В предотъездные годы Олег виделся с Борькой редко. Иногда Слабинзон приезжал к нему в гости, как он любил выразиться, на выселки. Друзья, чтобы остаться наедине, выходили на балкон и, поплевывая вниз с одиннадцатиэтажной высоты, рассуждали о женщинах или беззлобно переругивались. Нет, они не ссорились… Но Слабинзон вдруг прозрел в своем студенческом дружке типического представителя злой силы, упорно не выпускавшей его из СССР. Он не успокоился и потом, когда Башмакова с позором выгнали из райкома:
– Довели вы страну, коммуняки проклятые, с вашей драной советской властью!!
– Здрасте! – обижался Башмаков. – Это не моя бабушка, а твоя на Дону советскую власть устанавливала! Моя бабушка гусей под Егорьевском пасла…
Про устанавливавшего в Егорьевске советскую власть дедушку он благоразумно умалчивал.
– Так бы и пасла до сих пор, если б не моя бабушка Ася! А вместо благодарности вы меня держите в этой хреновой стране…
– А вот этого не надо!
– Так я и предполагал. Тунеядыч, ты становишься антисемитом! И когда начнутся погромы, ты меня не спрячешь!
– Спрячу.
– Не-ет, не спрячешь!
Но эти разговоры начались позже, а тогда Слабинзон, еще не травмированный своей большой любовью и суровыми буднями отказника, относился к райкомовской деятельности приятеля с насмешливым благодушием и, выслушав рассказ Башмакова о семейных утеснениях, вдруг страшно возмутился этим скобарством и решительно посоветовал:
– А ты возьми и уйди!
– Куда?
– Да хоть ко мне. Только кровать с собой захвати. У меня один станок. Будем хороводы вместе водить!
– А Борис Исаакович?
– Деду все равно – он сейчас командарма Павлова реабилитирует и Мехлиса ненавидит.
Эскейпер положил фотографии на широкую ручку румынского дивана. Ручка была изгрызена двортерьером Маугли, купленным после многомесячного Дашкиного нытья. Диванную ручку щенку, впрочем, простили, но после съеденных Катиных модельных туфелек пес был отдан на перевоспитание Петру Никифоровичу, пережил его и теперь, еле волоча ноги, скрашивает одинокую садово-огородную старость Зинаиды Ивановны.
Диван за эти годы совсем расходился и стал для супружеского сна почти непригоден. Катя собралась переставить его в предполагаемую гостиную, которая благодаря величине этого румынского отщепенца, наверное, сразу превратится в своего рода диванную. А для сна и сопутствующих ему удовлетворений она задумала купить арабскую кровать. М-да, юным телам под любовь требуется еще меньше квадратных метров, чем под могилу, а остывающей плоти подавай арабское раздолье. И слава богу, что не купила она эту чертову арабскую кровать!

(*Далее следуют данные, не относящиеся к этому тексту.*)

(* For $d$RGP-UCB (single or multiple play), at any round $t\in\{1,d+1,2d+1,\dots\}$ at which a lookahead block starts and leaf $I_t$ is selected, $$\mathbb E\big[M^*(\mathbf Z_t)-M_{I_t}(\mathbf Z_t)\,\big|\,\mathcal F_{t-1}\big]\le\frac{\sqrt{2d\pi}}{(t+d-1)^2}+\alpha_t\varsigma_t(I_t).$$
   Context: Recovering bandits model: $K$ arms, $\mathcal Z=\{0,\dots,z_{\max}\}$; recovery functions $f_1,\dots,f_K:\mathcal Z\to\mathbb R$ drawn independently from a zero-mean GP with known kernel $k$, $k(z,z)\le1$. State $\mathbf Z_t\in\mathcal Z^K$; playing $J_t$ sets $Z_{J_t,t+1}=0$ and $Z_{j,t+1}=\min\{z_{\max},Z_{j,t}+1\}$ for $j\ne J_t$; observation $Y_t=f_{J_t}(Z_{J_t,t})+\epsilon_t$, $\epsilon_t$ i.i.d. $\mathcal N(0,\sigma^2)$. $\mathcal F_{t-1}$ is the $\sigma$-field generated by the arms played, observations and states up to round $t-1$. Lookahead tree from root $\mathbf Z$: leaves $i$ are arm sequences $(j_0,\dots,j_{d-1})$ (single play: distinct arms; multiple play: any), with $z$-values $z_\ell$ obtained by the update rule; $M_i(\mathbf Z)=\sum_\ell f_{j_\ell}(z_\ell)$, $M^*(\mathbf Z)=\max_iM_i(\mathbf Z)$ over the same leaf set. Given $\mathcal F_{t-1}$, $M_i(\mathbf Z_t)\sim\mathcal N(\eta_t(i),\varsigma_t^2(i))$ with $\eta_t(i)=\sum_\ell\mu_{j_\ell}(z_\ell;N_{j_\ell}(t-1))$, $\varsigma_t^2(i)=\sum_{\ell,q}\mathbb I\{j_\ell=j_q\}k_{j_\ell}(z_\ell,z_q;N_{j_\ell}(t-1))$, where $\mu_j(\cdot;n)$, $k_j(\cdot,\cdot;n)$ are the GP posterior mean and covariance of $f_j$ after its $n$ observations and $N_j(t-1)$ is the number of plays of $j$ before round $t$. $d$RGP-UCB selects $I_t\in\arg\max_i\{\eta_t(i)+\alpha_t\varsigma_t(i)\}$ with $\alpha_t=\sqrt{2\log((K|\mathcal Z|)^d(t+d-1)^2)}$. *)

theory Defs
  imports "HOL-Probability.Probability"
begin

text \<open>Arms are the naturals below K, z-values the naturals up to zmax.
  A state is a function arm => z-value (only its values on arms below K matter).\<close>

definition upd :: "nat \<Rightarrow> nat \<Rightarrow> (nat \<Rightarrow> nat) \<Rightarrow> (nat \<Rightarrow> nat)" where
  "upd zmax j Z = (\<lambda>i. if i = j then 0 else min zmax (Z i + 1))"

fun zseq :: "nat \<Rightarrow> (nat \<Rightarrow> nat) \<Rightarrow> nat list \<Rightarrow> nat list" where
  "zseq zmax Z [] = []"
| "zseq zmax Z (j # js) = Z j # zseq zmax (upd zmax j Z) js"

text \<open>Leaves of the depth-d lookahead tree (single play, sp = True: distinct arms).\<close>
definition leaves :: "bool \<Rightarrow> nat \<Rightarrow> nat \<Rightarrow> nat list set" where
  "leaves sp K d = {js. length js = d \<and> set js \<subseteq> {..<K} \<and> (sp \<longrightarrow> distinct js)}"

definition leaf_value :: "nat \<Rightarrow> (nat \<Rightarrow> nat \<Rightarrow> real) \<Rightarrow> (nat \<Rightarrow> nat) \<Rightarrow> nat list \<Rightarrow> real" where
  "leaf_value zmax f Z js = (\<Sum>l<length js. f (js ! l) (zseq zmax Z js ! l))"

definition best_value :: "nat \<Rightarrow> nat list set \<Rightarrow> (nat \<Rightarrow> nat \<Rightarrow> real) \<Rightarrow> (nat \<Rightarrow> nat) \<Rightarrow> real" where
  "best_value zmax L f Z = Max ((\<lambda>js. leaf_value zmax f Z js) ` L)"

definition gram_inv :: "(nat \<Rightarrow> nat \<Rightarrow> real) \<Rightarrow> real \<Rightarrow> nat list \<Rightarrow> nat \<Rightarrow> nat \<Rightarrow> real" where
  "gram_inv k s2 zs = (SOME W. \<forall>a<length zs. \<forall>b<length zs.
      (\<Sum>c<length zs. (k (zs ! a) (zs ! c) + (if a = c then s2 else 0)) * W c b)
        = (if a = b then 1 else 0))"

definition post_mean :: "(nat \<Rightarrow> nat \<Rightarrow> real) \<Rightarrow> real \<Rightarrow> (nat \<times> real) list \<Rightarrow> nat \<Rightarrow> real" where
  "post_mean k s2 obs z =
     (let zs = map fst obs; ys = map snd obs; W = gram_inv k s2 zs; n = length obs in
      \<Sum>a<n. \<Sum>b<n. k z (zs ! a) * W a b * ys ! b)"

definition post_cov :: "(nat \<Rightarrow> nat \<Rightarrow> real) \<Rightarrow> real \<Rightarrow> (nat \<times> real) list \<Rightarrow> nat \<Rightarrow> nat \<Rightarrow> real" where
  "post_cov k s2 obs z z' =
     (let zs = map fst obs; W = gram_inv k s2 zs; n = length obs in
      k z z' - (\<Sum>a<n. \<Sum>b<n. k z (zs ! a) * W a b * k (zs ! b) z'))"

text \<open>Rounds are numbered from 1; J s is the arm played and Y s the observation in round s.
  state_at zmax Z1 J n is the state at round n+1, i.e. Z_t = state_at zmax Z1 J (t-1).\<close>
primrec state_at :: "nat \<Rightarrow> (nat \<Rightarrow> nat) \<Rightarrow> (nat \<Rightarrow> nat) \<Rightarrow> nat \<Rightarrow> (nat \<Rightarrow> nat)" where
  "state_at zmax Z1 J 0 = Z1"
| "state_at zmax Z1 J (Suc n) = upd zmax (J (Suc n)) (state_at zmax Z1 J n)"

text \<open>Observations of arm j before round t: pairs (Z_{j,s}, Y_s) for s < t with J_s = j;
  its length is N_j(t-1).\<close>
definition obs_of :: "nat \<Rightarrow> (nat \<Rightarrow> nat) \<Rightarrow> (nat \<Rightarrow> nat) \<Rightarrow> (nat \<Rightarrow> real) \<Rightarrow> nat \<Rightarrow> nat \<Rightarrow> (nat \<times> real) list" where
  "obs_of zmax Z1 J Y j t =
     map (\<lambda>s. (state_at zmax Z1 J (s - 1) j, Y s)) (filter (\<lambda>s. J s = j) [1..<t])"

definition eta :: "(nat \<Rightarrow> nat \<Rightarrow> real) \<Rightarrow> real \<Rightarrow> nat \<Rightarrow> (nat \<Rightarrow> nat) \<Rightarrow> (nat \<Rightarrow> nat) \<Rightarrow> (nat \<Rightarrow> real)
     \<Rightarrow> nat \<Rightarrow> nat list \<Rightarrow> real" where
  "eta k s2 zmax Z1 J Y t js =
     (let zs = zseq zmax (state_at zmax Z1 J (t - 1)) js in
      \<Sum>l<length js. post_mean k s2 (obs_of zmax Z1 J Y (js ! l) t) (zs ! l))"

definition varsig2 :: "(nat \<Rightarrow> nat \<Rightarrow> real) \<Rightarrow> real \<Rightarrow> nat \<Rightarrow> (nat \<Rightarrow> nat) \<Rightarrow> (nat \<Rightarrow> nat) \<Rightarrow> (nat \<Rightarrow> real)
     \<Rightarrow> nat \<Rightarrow> nat list \<Rightarrow> real" where
  "varsig2 k s2 zmax Z1 J Y t js =
     (let zs = zseq zmax (state_at zmax Z1 J (t - 1)) js in
      \<Sum>l<length js. \<Sum>q<length js.
        (if js ! l = js ! q then post_cov k s2 (obs_of zmax Z1 J Y (js ! l) t) (zs ! l) (zs ! q) else 0))"

definition alpha :: "nat \<Rightarrow> nat \<Rightarrow> nat \<Rightarrow> nat \<Rightarrow> real" where
  "alpha K zmax d t = sqrt (2 * ln (real ((K * (zmax + 1)) ^ d) * real ((t + d - 1) ^ 2)))"

definition ucb :: "(nat \<Rightarrow> nat \<Rightarrow> real) \<Rightarrow> real \<Rightarrow> nat \<Rightarrow> nat \<Rightarrow> nat \<Rightarrow> (nat \<Rightarrow> nat) \<Rightarrow> (nat \<Rightarrow> nat)
     \<Rightarrow> (nat \<Rightarrow> real) \<Rightarrow> nat \<Rightarrow> nat list \<Rightarrow> real" where
  "ucb k s2 K zmax d Z1 J Y t js =
     eta k s2 zmax Z1 J Y t js + alpha K zmax d t * sqrt (varsig2 k s2 zmax Z1 J Y t js)"

definition gaussian_rv :: "'a measure \<Rightarrow> ('a \<Rightarrow> real) \<Rightarrow> real \<Rightarrow> real \<Rightarrow> bool" where
  "gaussian_rv P X m v \<longleftrightarrow> X \<in> borel_measurable P \<and> v \<ge> 0 \<and>
     (if v = 0 then (AE \<omega> in P. X \<omega> = m)
      else distributed P lborel X (\<lambda>x. ennreal (normal_density m (sqrt v) x)))"

text \<open>(F a)_{a in A} is a Gaussian vector with mean m and covariance C:
  every linear combination is Gaussian with the corresponding mean and variance.\<close>
definition gaussian_family :: "'a measure \<Rightarrow> 'i set \<Rightarrow> ('i \<Rightarrow> 'a \<Rightarrow> real) \<Rightarrow> ('i \<Rightarrow> real)
     \<Rightarrow> ('i \<Rightarrow> 'i \<Rightarrow> real) \<Rightarrow> bool" where
  "gaussian_family P A F m C \<longleftrightarrow> finite A \<and> (\<forall>c :: 'i \<Rightarrow> real.
      gaussian_rv P (\<lambda>\<omega>. \<Sum>a\<in>A. c a * F a \<omega>) (\<Sum>a\<in>A. c a * m a) (\<Sum>a\<in>A. \<Sum>b\<in>A. c a * c b * C a b))"

end

theory Submission
  imports Defs "Jordan_Normal_Form.Determinant"
begin

text \<open>Given the history, the leaf values are jointly Gaussian: leaf \<open>i\<close> has mean
  \<open>eta i\<close> and variance \<open>varsigma\<^sup>2 i \<le> d\<^sup>2\<close>, because a posterior variance never exceeds the
  prior variance \<open>k z z \<le> 1\<close>. As the chosen leaf \<open>I\<close> maximises \<open>eta + alpha * varsigma\<close>,
  \<open>M\<^sup>* - M I \<le> (\<Sum>i. (M i - eta i - alpha * varsigma i)\<^sup>+) + (eta I + alpha * varsigma I - M I)\<close>,
  and every Gaussian excess above \<open>alpha\<close> standard deviations has expectation at most
  \<open>varsigma * exp (-alpha\<^sup>2/2) / (e * alpha)\<close>. The choice of \<open>alpha\<close> makes
  \<open>exp (-alpha\<^sup>2/2) = 1 / ((K |Z|)\<^sup>d (t+d-1)\<^sup>2)\<close>, which absorbs the at most \<open>K\<^sup>d\<close> leaves.\<close>

section \<open>Regrouping sums over repeated indices\<close>

lemma sum_collect_weights:
  fixes u :: "nat \<Rightarrow> real"
  assumes "finite B" "\<forall>l<n. p l \<in> B"
  shows "(\<Sum>b\<in>B. (\<Sum>l<n. if p l = b then u l else 0) * x b) = (\<Sum>l<n. u l * x (p l))"
proof -
  have "(\<Sum>b\<in>B. (\<Sum>l<n. if p l = b then u l else 0) * x b)
      = (\<Sum>b\<in>B. \<Sum>l<n. (if p l = b then u l * x b else 0))"
    by (auto simp: sum_distrib_right intro!: sum.cong)
  also have "\<dots> = (\<Sum>l<n. \<Sum>b\<in>B. (if p l = b then u l * x b else 0))"
    by (rule sum.swap)
  also have "\<dots> = (\<Sum>l<n. u l * x (p l))"
    using assms by (auto simp: sum.delta intro!: sum.cong)
  finally show ?thesis .
qed

lemma quadratic_form_collect_weights:
  fixes u :: "nat \<Rightarrow> real"
  assumes "finite A" "\<forall>l<n. p l \<in> A"
  shows "(\<Sum>a\<in>A. \<Sum>b\<in>A. (\<Sum>l<n. if p l = a then u l else 0) * (\<Sum>l<n. if p l = b then u l else 0) * C a b)
    = (\<Sum>l<n. \<Sum>q<n. u l * u q * C (p l) (p q))"
proof -
  define w where "w a = (\<Sum>l<n. if p l = a then u l else 0)" for a
  have "(\<Sum>a\<in>A. \<Sum>b\<in>A. w a * w b * C a b) = (\<Sum>a\<in>A. w a * (\<Sum>b\<in>A. w b * C a b))"
    by (simp add: sum_distrib_left mult.assoc)
  also have "\<dots> = (\<Sum>a\<in>A. w a * (\<Sum>q<n. u q * C a (p q)))"
    unfolding w_def using sum_collect_weights[OF assms] by simp
  also have "\<dots> = (\<Sum>l<n. u l * (\<Sum>q<n. u q * C (p l) (p q)))"
    unfolding w_def by (rule sum_collect_weights[OF assms])
  also have "\<dots> = (\<Sum>l<n. \<Sum>q<n. u l * u q * C (p l) (p q))"
    by (simp add: sum_distrib_left mult.assoc)
  finally show ?thesis unfolding w_def .
qed

lemma double_sum_le_mult_diagonal_sum:
  fixes C :: "'i \<Rightarrow> 'i \<Rightarrow> real"
  assumes pair: "\<forall>x\<in>A. \<forall>y\<in>A. C x y + C y x \<le> C x x + C y y"
    and p: "\<forall>l<n. p l \<in> A"
  shows "(\<Sum>l<n. \<Sum>q<n. C (p l) (p q)) \<le> real n * (\<Sum>l<n. C (p l) (p l))"
proof -
  have "0 \<le> (\<Sum>l<n. \<Sum>q<n. C (p l) (p l) + C (p q) (p q) - C (p l) (p q) - C (p q) (p l))"
    using pair p by (intro sum_nonneg) (smt (verit) lessThan_iff)
  also have "\<dots> = 2 * (real n * (\<Sum>l<n. C (p l) (p l)))
      - (\<Sum>l<n. \<Sum>q<n. C (p l) (p q)) - (\<Sum>l<n. \<Sum>q<n. C (p q) (p l))"
    by (simp add: sum_subtractf sum.distrib sum_distrib_left)
  also have "(\<Sum>l<n. \<Sum>q<n. C (p q) (p l)) = (\<Sum>l<n. \<Sum>q<n. C (p l) (p q))"
    by (rule sum.swap)
  finally show ?thesis by simp
qed

section \<open>Regularised Gram matrices and posterior variances\<close>

lemma kernel_psd_on_points:
  fixes k :: "nat \<Rightarrow> nat \<Rightarrow> real"
  assumes k_psd: "\<forall>c :: nat \<Rightarrow> real. (\<Sum>z\<le>zmax. \<Sum>z'\<le>zmax. c z * c z' * k z z') \<ge> 0"
    and zs: "\<forall>a<n. zs ! a \<le> zmax"
  shows "(\<Sum>a<n. \<Sum>c<n. u a * u c * k (zs ! a) (zs ! c)) \<ge> 0"
proof -
  have "(\<Sum>z\<le>zmax. \<Sum>z'\<le>zmax. (\<Sum>l<n. if zs ! l = z then u l else 0)
          * (\<Sum>l<n. if zs ! l = z' then u l else 0) * k z z')
      = (\<Sum>a<n. \<Sum>c<n. u a * u c * k (zs ! a) (zs ! c))"
    by (rule quadratic_form_collect_weights) (use zs in auto)
  with k_psd[rule_format, of "\<lambda>z. \<Sum>l<n. if zs ! l = z then u l else 0"] show ?thesis
    by simp
qed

Ведь как обидно, если тебя не просто бросают, а бросают в новой, мягкой, широкой и безлюдной, как Аравийская пустыня, кровати! А с другой стороны – остаться одной на старом, добром, многое помнящем диване еще обиднее. Башмаков, используя условную и несколько завышенную среднемесячную цифру, подсчитал, сколько же примерно раз они с Катей обладали друг другом на этом диване, и поразился внушительности полученного результата.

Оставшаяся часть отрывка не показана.